lemma sum_deriv_word_right_factor:
  assumes "finite P" "{m. p m \<noteq> 0} \<subseteq> P"
  shows "(\<Sum>m\<in>P. p m * deriv_word i j (A @ m) v [] w) =
    (\<Sum>k<length v. letter_sign i j (v ! k) * fa_sandwich A p (take k v @ twist i j (drop (Suc k) v)) w)"
  unfolding deriv_word_def sum_distrib_left
proof (subst sum.swap, intro sum.cong refl)
  fix k
  show "(\<Sum>m\<in>P. p m * (if w = (A @ m) @ take k v @ twist i j (drop (Suc k) v) @ []
          then letter_sign i j (v ! k) else 0)) =
      letter_sign i j (v ! k) * fa_sandwich A p (take k v @ twist i j (drop (Suc k) v)) w"
    using sum_mult_if_sandwich[OF assms, where g = "\<lambda>x. x" and A = A and B = "take k v @ twist i j (drop (Suc k) v)"]
    by simp
qed

lemma fa_deriv_sandwich:
  assumes "fa_finsupp p"
  shows "fa_deriv i j (fa_sandwich u p v) w =
    (\<Sum>k<length u. letter_sign i j (u ! k) *
       fa_sandwich (take k u @ twist i j (drop (Suc k) u)) (\<lambda>m. p (twist i j m)) (twist i j v) w)
    + fa_sandwich u (fa_deriv i j p) (twist i j v) w
    + (\<Sum>k<length v. letter_sign i j (v ! k) *
       fa_sandwich u p (take k v @ twist i j (drop (Suc k) v)) w)"
proof -
  let ?P = "{m. p m \<noteq> 0}"
  have fin: "finite ?P"
    using assms by (simp add: fa_finsupp_def)
  have "fa_deriv i j (fa_sandwich u p v) w =
      (\<Sum>x\<in>(\<lambda>m. u @ m @ v) ` ?P. fa_sandwich u p v x * deriv_word i j [] x [] w)"
    using fin support_fa_sandwich by (intro fa_deriv_eq_sum) auto
  also have "\<dots> = (\<Sum>m\<in>?P. p m * deriv_word i j [] (u @ m @ v) [] w)"
    by (subst sum.reindex) (auto simp: inj_on_def)
  also have "\<dots> = (\<Sum>m\<in>?P. p m * deriv_word i j [] u (twist i j m @ twist i j v) w)
       + (\<Sum>m\<in>?P. p m * deriv_word i j u m (twist i j v) w)
       + (\<Sum>m\<in>?P. p m * deriv_word i j (u @ m) v [] w)"
    by (simp add: deriv_word_append sum.distrib distrib_left)
  finally show ?thesis
    using fin by (simp only: sum_deriv_word_left_factor sum_deriv_word_middle_factor
        sum_deriv_word_right_factor order_refl)
qed

lemma fa_deriv_gen_gen:
  "fa_deriv i j (fa_mult (fa_gen a b) (fa_gen c d)) w =
     (if w = twist i j [(c, d)] then letter_sign i j (a, b) else 0)
     + (if w = [(a, b)] then letter_sign i j (c, d) else 0)"
  by (simp add: fa_mult_gen_gen fa_deriv_single deriv_word_pair)

lemma letter_sign_swap: "i \<noteq> j \<Longrightarrow> letter_sign i j (b, a) = - letter_sign i j (a, b)"
  by (auto simp: letter_sign_def)

lemma transpose_if_letter_sign_nonzero:
  assumes "letter_sign i j (a, b) \<noteq> 0"
  shows "transpose i j a = b" "transpose i j b = a" "c \<noteq> a \<Longrightarrow> c \<noteq> b \<Longrightarrow> transpose i j c = c"
  using assms by (auto simp: letter_sign_def split: if_splits)

lemma fa_deriv_anti:
  assumes "i \<noteq> j"
  shows "fa_deriv i j (fa_add (fa_gen a b) (fa_gen b a)) = fa_zero"
proof (rule ext)
  fix w
  show "fa_deriv i j (fa_add (fa_gen a b) (fa_gen b a)) w = fa_zero w"
    unfolding fa_gen_def fa_deriv_add[OF fa_finsupp_single fa_finsupp_single]
    using letter_sign_swap[OF assms, of a b]
    by (simp add: fa_add_def fa_deriv_single deriv_word_singleton fa_zero_def)
qed

lemma fa_deriv_sq:
  "fa_deriv i j (fa_mult (fa_gen a b) (fa_gen a b)) =
     fa_smult (letter_sign i j (a, b)) (fa_add (fa_gen a b) (fa_gen b a))"
proof (rule ext)
  fix w
  show "fa_deriv i j (fa_mult (fa_gen a b) (fa_gen a b)) w =
     fa_smult (letter_sign i j (a, b)) (fa_add (fa_gen a b) (fa_gen b a)) w"
  proof (cases "letter_sign i j (a, b) = 0")
    case False
    then have "twist i j [(a, b)] = [(b, a)]"
      by (simp add: transpose_if_letter_sign_nonzero(1,2))
    then have "fa_deriv i j (fa_mult (fa_gen a b) (fa_gen a b)) w =
      (if w = [(b, a)] then letter_sign i j (a, b) else 0) + (if w = [(a, b)] then letter_sign i j (a, b) else 0)"
      by (simp only: fa_deriv_gen_gen)
    \<comment> \<open>splitting off \<open>a = b\<close> first keeps the simplifier from looping on \<open>a = b\<close>, \<open>b = a\<close>\<close>
    then show ?thesis
      by (cases "a = b") (auto simp: fa_smult_def fa_add_def fa_gen_def fa_single_def algebra_simps)
  qed (simp add: fa_deriv_gen_gen fa_smult_def)
qed

lemma twist_disjoint_letter:
  "letter_sign i j (a, b) \<noteq> 0 \<Longrightarrow> c \<notin> {a, b} \<Longrightarrow> d \<notin> {a, b} \<Longrightarrow> twist i j [(c, d)] = [(c, d)]"
  by (simp add: transpose_if_letter_sign_nonzero(3))

lemma twist_adjacent_letter:
  "letter_sign i j (a, b) \<noteq> 0 \<Longrightarrow> c \<notin> {a, b} \<Longrightarrow> twist i j [(b, c)] = [(a, c)]"
  by (simp add: transpose_if_letter_sign_nonzero)

lemma if_twist_eq:
  "(e \<noteq> 0 \<Longrightarrow> twist i j x = y) \<Longrightarrow> (if w = twist i j x then e else 0) = (if w = y then e else (0 :: rat))"
  by auto

lemma fa_deriv_gen_gen_disjoint:
  assumes "distinct [a, b, c, d]"
  shows "fa_deriv i j (fa_mult (fa_gen a b) (fa_gen c d)) w =
     (if w = [(c, d)] then letter_sign i j (a, b) else 0) + (if w = [(a, b)] then letter_sign i j (c, d) else 0)"
  unfolding fa_deriv_gen_gen using assms by (intro arg_cong2[where f = "(+)"] if_twist_eq twist_disjoint_letter) auto

lemma fa_deriv_gen_gen_adjacent:
  assumes "distinct [a, b, c]"
  shows "fa_deriv i j (fa_mult (fa_gen a b) (fa_gen b c)) w =
     (if w = [(a, c)] then letter_sign i j (a, b) else 0) + (if w = [(a, b)] then letter_sign i j (b, c) else 0)"
  unfolding fa_deriv_gen_gen using assms by (intro arg_cong2[where f = "(+)"] if_twist_eq twist_adjacent_letter) auto

lemma fa_deriv_comm:
  assumes "distinct [a, b, c, d]"
  shows "fa_deriv i j (fa_add (fa_mult (fa_gen a b) (fa_gen c d))
                        (fa_smult (- 1) (fa_mult (fa_gen c d) (fa_gen a b)))) = fa_zero"
  using assms
  by (intro ext) (simp add: fa_deriv_add fa_deriv_smult fa_finsupp_smult fa_finsupp_mult_gen_gen,
      simp add: fa_deriv_gen_gen_disjoint fa_add_def fa_smult_def fa_zero_def)

lemma fa_deriv_tri:
  assumes "distinct [a, b, c]"
  shows "fa_deriv i j (fa_add (fa_mult (fa_gen a b) (fa_gen b c))
                        (fa_add (fa_mult (fa_gen b c) (fa_gen c a))
                                (fa_mult (fa_gen c a) (fa_gen a b)))) =
     fa_add (fa_smult (letter_sign i j (a, b)) (fa_add (fa_gen a c) (fa_gen c a)))
       (fa_add (fa_smult (letter_sign i j (b, c)) (fa_add (fa_gen b a) (fa_gen a b)))
               (fa_smult (letter_sign i j (c, a)) (fa_add (fa_gen c b) (fa_gen b c))))"
proof (rule ext)
  fix w
  show "fa_deriv i j (fa_add (fa_mult (fa_gen a b) (fa_gen b c))
                        (fa_add (fa_mult (fa_gen b c) (fa_gen c a))
                                (fa_mult (fa_gen c a) (fa_gen a b)))) w =
     fa_add (fa_smult (letter_sign i j (a, b)) (fa_add (fa_gen a c) (fa_gen c a)))
       (fa_add (fa_smult (letter_sign i j (b, c)) (fa_add (fa_gen b a) (fa_gen a b)))
               (fa_smult (letter_sign i j (c, a)) (fa_add (fa_gen c b) (fa_gen b c)))) w"
    using assms
    by (simp add: fa_deriv_add fa_finsupp_add fa_finsupp_mult_gen_gen,
        simp add: fa_add_def fa_smult_def fa_deriv_gen_gen_adjacent)
      (cases "w \<in> {[(a, c)], [(c, a)], [(b, a)], [(a, b)], [(c, b)], [(b, c)]}";
        auto simp: fa_add_def fa_smult_def fa_gen_def fa_single_def)
qed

────

→ What you need to do: Repeat exactly the lines of the material above, taking the first line, the line with "(\<Sum>k<length u. letter_sign", and every line between them.

→ Solution for this exercise:
lemma sum_deriv_word_right_factor:
  assumes "finite P" "{m. p m \<noteq> 0} \<subseteq> P"
  shows "(\<Sum>m\<in>P. p m * deriv_word i j (A @ m) v [] w) =
    (\<Sum>k<length v. letter_sign i j (v ! k) * fa_sandwich A p (take k v @ twist i j (drop (Suc k) v)) w)"
  unfolding deriv_word_def sum_distrib_left
proof (subst sum.swap, intro sum.cong refl)
  fix k
  show "(\<Sum>m\<in>P. p m * (if w = (A @ m) @ take k v @ twist i j (drop (Suc k) v) @ []
          then letter_sign i j (v ! k) else 0)) =
      letter_sign i j (v ! k) * fa_sandwich A p (take k v @ twist i j (drop (Suc k) v)) w"
    using sum_mult_if_sandwich[OF assms, where g = "\<lambda>x. x" and A = A and B = "take k v @ twist i j (drop (Suc k) v)"]
    by simp
qed

lemma fa_deriv_sandwich:
  assumes "fa_finsupp p"
  shows "fa_deriv i j (fa_sandwich u p v) w =
    (\<Sum>k<length u. letter_sign i j (u ! k) *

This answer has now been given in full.